====== MATERIAL SUPPLIED ======

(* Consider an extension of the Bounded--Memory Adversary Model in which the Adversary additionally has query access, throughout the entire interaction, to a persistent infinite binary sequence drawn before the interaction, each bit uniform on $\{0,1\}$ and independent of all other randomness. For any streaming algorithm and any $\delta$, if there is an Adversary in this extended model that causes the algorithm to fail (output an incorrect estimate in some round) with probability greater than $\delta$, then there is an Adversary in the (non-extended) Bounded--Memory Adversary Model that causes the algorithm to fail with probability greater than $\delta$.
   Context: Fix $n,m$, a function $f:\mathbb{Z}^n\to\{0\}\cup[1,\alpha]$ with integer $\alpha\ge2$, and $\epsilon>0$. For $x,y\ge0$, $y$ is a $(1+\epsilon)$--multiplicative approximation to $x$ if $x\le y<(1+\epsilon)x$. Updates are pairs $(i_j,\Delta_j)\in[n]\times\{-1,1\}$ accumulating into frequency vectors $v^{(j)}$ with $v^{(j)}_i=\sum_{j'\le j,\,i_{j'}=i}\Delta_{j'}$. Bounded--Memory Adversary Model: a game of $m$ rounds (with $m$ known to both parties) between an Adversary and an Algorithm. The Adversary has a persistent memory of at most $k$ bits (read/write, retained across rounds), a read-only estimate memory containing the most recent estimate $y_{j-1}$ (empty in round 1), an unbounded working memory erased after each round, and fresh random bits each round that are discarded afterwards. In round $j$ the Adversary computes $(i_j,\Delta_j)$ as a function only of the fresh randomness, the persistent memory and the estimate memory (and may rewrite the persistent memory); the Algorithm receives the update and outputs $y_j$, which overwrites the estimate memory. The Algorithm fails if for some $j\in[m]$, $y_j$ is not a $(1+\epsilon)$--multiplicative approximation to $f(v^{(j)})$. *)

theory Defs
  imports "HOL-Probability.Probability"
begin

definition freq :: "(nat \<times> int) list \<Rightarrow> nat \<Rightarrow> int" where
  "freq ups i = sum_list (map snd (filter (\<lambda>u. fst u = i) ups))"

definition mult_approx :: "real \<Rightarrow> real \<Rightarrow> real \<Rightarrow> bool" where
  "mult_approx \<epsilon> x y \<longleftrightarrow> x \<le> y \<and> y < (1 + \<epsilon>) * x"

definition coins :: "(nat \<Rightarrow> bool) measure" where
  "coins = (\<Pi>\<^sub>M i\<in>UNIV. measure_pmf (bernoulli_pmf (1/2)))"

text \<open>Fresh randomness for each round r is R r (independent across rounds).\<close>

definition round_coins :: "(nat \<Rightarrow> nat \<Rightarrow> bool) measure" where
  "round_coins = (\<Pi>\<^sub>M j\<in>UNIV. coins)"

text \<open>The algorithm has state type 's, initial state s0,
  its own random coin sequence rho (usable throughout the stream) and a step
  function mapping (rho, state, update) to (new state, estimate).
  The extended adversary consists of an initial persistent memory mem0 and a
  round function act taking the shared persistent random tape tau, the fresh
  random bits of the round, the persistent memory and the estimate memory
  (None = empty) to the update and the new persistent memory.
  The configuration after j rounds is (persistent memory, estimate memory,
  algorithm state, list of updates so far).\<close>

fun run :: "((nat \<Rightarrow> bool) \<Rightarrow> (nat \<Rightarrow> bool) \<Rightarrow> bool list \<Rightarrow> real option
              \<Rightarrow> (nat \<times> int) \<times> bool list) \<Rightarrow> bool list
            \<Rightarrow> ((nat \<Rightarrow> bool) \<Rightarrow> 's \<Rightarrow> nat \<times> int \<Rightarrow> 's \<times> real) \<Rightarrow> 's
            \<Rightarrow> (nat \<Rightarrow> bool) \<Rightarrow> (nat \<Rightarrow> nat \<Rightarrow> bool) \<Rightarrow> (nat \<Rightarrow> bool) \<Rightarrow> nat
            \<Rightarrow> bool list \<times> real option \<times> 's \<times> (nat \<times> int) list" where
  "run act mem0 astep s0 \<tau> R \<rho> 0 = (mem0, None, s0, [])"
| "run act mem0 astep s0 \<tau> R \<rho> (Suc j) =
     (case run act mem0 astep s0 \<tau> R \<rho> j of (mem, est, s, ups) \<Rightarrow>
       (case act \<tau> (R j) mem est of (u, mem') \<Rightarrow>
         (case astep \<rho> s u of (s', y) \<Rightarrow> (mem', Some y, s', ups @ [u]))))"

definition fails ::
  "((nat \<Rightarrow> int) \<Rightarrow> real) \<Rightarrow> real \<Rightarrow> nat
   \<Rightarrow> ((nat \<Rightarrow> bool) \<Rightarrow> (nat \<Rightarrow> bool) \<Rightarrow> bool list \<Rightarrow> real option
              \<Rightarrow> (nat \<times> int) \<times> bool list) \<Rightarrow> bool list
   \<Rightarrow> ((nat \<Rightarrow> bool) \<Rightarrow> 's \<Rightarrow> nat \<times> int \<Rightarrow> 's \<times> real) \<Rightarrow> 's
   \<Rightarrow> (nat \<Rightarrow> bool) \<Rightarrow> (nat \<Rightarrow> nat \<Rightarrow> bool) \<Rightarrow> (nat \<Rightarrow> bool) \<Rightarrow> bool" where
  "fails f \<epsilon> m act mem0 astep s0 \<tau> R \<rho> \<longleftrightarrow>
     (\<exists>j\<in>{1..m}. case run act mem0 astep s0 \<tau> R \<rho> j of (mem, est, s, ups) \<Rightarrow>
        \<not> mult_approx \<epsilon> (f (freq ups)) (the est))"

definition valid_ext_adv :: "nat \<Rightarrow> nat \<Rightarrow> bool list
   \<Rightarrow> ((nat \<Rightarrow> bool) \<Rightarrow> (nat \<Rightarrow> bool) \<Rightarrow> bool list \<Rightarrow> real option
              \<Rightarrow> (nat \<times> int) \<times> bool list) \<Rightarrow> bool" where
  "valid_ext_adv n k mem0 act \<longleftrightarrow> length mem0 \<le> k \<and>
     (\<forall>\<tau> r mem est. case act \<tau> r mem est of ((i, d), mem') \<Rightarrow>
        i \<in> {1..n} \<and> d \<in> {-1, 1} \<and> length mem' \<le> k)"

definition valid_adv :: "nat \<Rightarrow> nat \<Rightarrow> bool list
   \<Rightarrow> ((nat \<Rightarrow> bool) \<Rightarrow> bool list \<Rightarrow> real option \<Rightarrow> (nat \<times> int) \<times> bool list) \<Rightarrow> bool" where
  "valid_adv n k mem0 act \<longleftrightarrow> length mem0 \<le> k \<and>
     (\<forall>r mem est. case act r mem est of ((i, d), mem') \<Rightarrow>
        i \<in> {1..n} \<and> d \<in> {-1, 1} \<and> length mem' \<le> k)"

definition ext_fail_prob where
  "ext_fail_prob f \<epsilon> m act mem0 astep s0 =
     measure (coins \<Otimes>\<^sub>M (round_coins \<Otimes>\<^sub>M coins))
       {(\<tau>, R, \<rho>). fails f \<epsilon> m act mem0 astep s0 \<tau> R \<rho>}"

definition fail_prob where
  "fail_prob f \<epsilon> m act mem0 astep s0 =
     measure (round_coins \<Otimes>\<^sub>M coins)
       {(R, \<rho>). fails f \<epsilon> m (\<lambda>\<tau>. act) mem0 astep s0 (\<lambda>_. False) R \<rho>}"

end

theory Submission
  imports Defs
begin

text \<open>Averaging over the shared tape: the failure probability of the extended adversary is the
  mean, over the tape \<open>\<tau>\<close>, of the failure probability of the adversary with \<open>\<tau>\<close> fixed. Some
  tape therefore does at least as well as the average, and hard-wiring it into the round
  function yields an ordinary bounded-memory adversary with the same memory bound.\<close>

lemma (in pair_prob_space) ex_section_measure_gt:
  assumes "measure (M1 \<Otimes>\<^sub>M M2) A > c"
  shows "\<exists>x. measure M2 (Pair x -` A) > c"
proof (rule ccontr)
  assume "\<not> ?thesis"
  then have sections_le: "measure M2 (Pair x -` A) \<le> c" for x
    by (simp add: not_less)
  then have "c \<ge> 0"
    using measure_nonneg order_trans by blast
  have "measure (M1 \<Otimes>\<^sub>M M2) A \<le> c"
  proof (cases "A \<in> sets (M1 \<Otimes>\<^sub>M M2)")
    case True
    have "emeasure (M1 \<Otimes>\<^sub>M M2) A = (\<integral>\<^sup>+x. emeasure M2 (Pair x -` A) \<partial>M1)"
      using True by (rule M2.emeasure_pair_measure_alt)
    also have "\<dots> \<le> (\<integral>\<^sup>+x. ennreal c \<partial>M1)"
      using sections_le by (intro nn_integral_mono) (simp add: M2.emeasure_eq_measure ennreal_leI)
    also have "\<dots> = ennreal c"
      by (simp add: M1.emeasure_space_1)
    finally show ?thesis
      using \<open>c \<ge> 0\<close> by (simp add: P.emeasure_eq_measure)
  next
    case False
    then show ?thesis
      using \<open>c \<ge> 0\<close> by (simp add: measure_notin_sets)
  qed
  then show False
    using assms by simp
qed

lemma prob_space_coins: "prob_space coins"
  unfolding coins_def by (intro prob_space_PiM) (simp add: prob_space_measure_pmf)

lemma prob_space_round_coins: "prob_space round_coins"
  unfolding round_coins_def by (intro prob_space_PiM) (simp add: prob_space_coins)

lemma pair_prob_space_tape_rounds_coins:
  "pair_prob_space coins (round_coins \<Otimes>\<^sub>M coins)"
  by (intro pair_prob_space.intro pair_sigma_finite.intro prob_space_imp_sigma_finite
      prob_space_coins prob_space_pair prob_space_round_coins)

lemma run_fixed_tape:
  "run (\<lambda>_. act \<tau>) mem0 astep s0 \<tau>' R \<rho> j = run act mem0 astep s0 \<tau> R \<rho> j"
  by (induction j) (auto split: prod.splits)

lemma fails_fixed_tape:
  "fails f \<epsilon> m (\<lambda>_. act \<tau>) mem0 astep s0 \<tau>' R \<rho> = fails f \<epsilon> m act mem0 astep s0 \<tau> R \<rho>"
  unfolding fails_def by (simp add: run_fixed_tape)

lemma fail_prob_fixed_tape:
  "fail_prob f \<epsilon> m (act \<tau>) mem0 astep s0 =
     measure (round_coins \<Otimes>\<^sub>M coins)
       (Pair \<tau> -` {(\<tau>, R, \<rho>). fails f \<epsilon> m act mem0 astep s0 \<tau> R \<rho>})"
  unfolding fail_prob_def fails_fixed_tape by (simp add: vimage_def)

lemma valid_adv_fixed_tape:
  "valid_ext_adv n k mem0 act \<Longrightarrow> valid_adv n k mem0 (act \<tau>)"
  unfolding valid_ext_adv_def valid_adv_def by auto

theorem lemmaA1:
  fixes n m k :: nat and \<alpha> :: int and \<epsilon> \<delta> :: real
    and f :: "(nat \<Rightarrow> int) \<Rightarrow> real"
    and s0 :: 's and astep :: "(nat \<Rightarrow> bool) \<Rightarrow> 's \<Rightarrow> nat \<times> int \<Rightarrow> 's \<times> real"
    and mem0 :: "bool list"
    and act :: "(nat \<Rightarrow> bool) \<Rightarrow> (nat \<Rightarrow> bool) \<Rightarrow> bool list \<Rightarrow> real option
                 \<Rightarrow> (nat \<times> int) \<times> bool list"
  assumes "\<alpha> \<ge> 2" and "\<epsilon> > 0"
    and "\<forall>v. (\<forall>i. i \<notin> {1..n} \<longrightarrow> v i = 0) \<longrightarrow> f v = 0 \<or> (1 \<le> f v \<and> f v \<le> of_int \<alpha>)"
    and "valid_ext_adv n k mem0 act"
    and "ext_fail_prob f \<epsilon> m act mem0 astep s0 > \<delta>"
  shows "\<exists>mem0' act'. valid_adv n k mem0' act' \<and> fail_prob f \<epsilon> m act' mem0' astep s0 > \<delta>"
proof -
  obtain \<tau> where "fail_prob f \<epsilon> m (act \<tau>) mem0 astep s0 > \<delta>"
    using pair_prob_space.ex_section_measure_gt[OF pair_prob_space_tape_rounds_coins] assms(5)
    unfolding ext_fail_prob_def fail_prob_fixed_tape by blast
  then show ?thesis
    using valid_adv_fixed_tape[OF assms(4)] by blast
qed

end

======

**WHAT THE EXERCISE ASKS**. From the records above, print exactly the lines that run from the line with "random bits of" to the line with "algorithm state, list", inclusive.

**TASK RESULT**.
  random bits of the round, the persistent memory and the estimate memory
  (None = empty) to the update and the new persistent memory.
  The configuration after j rounds is (persistent memory, estimate memory,
  algorithm state, list of updates so far).\<close>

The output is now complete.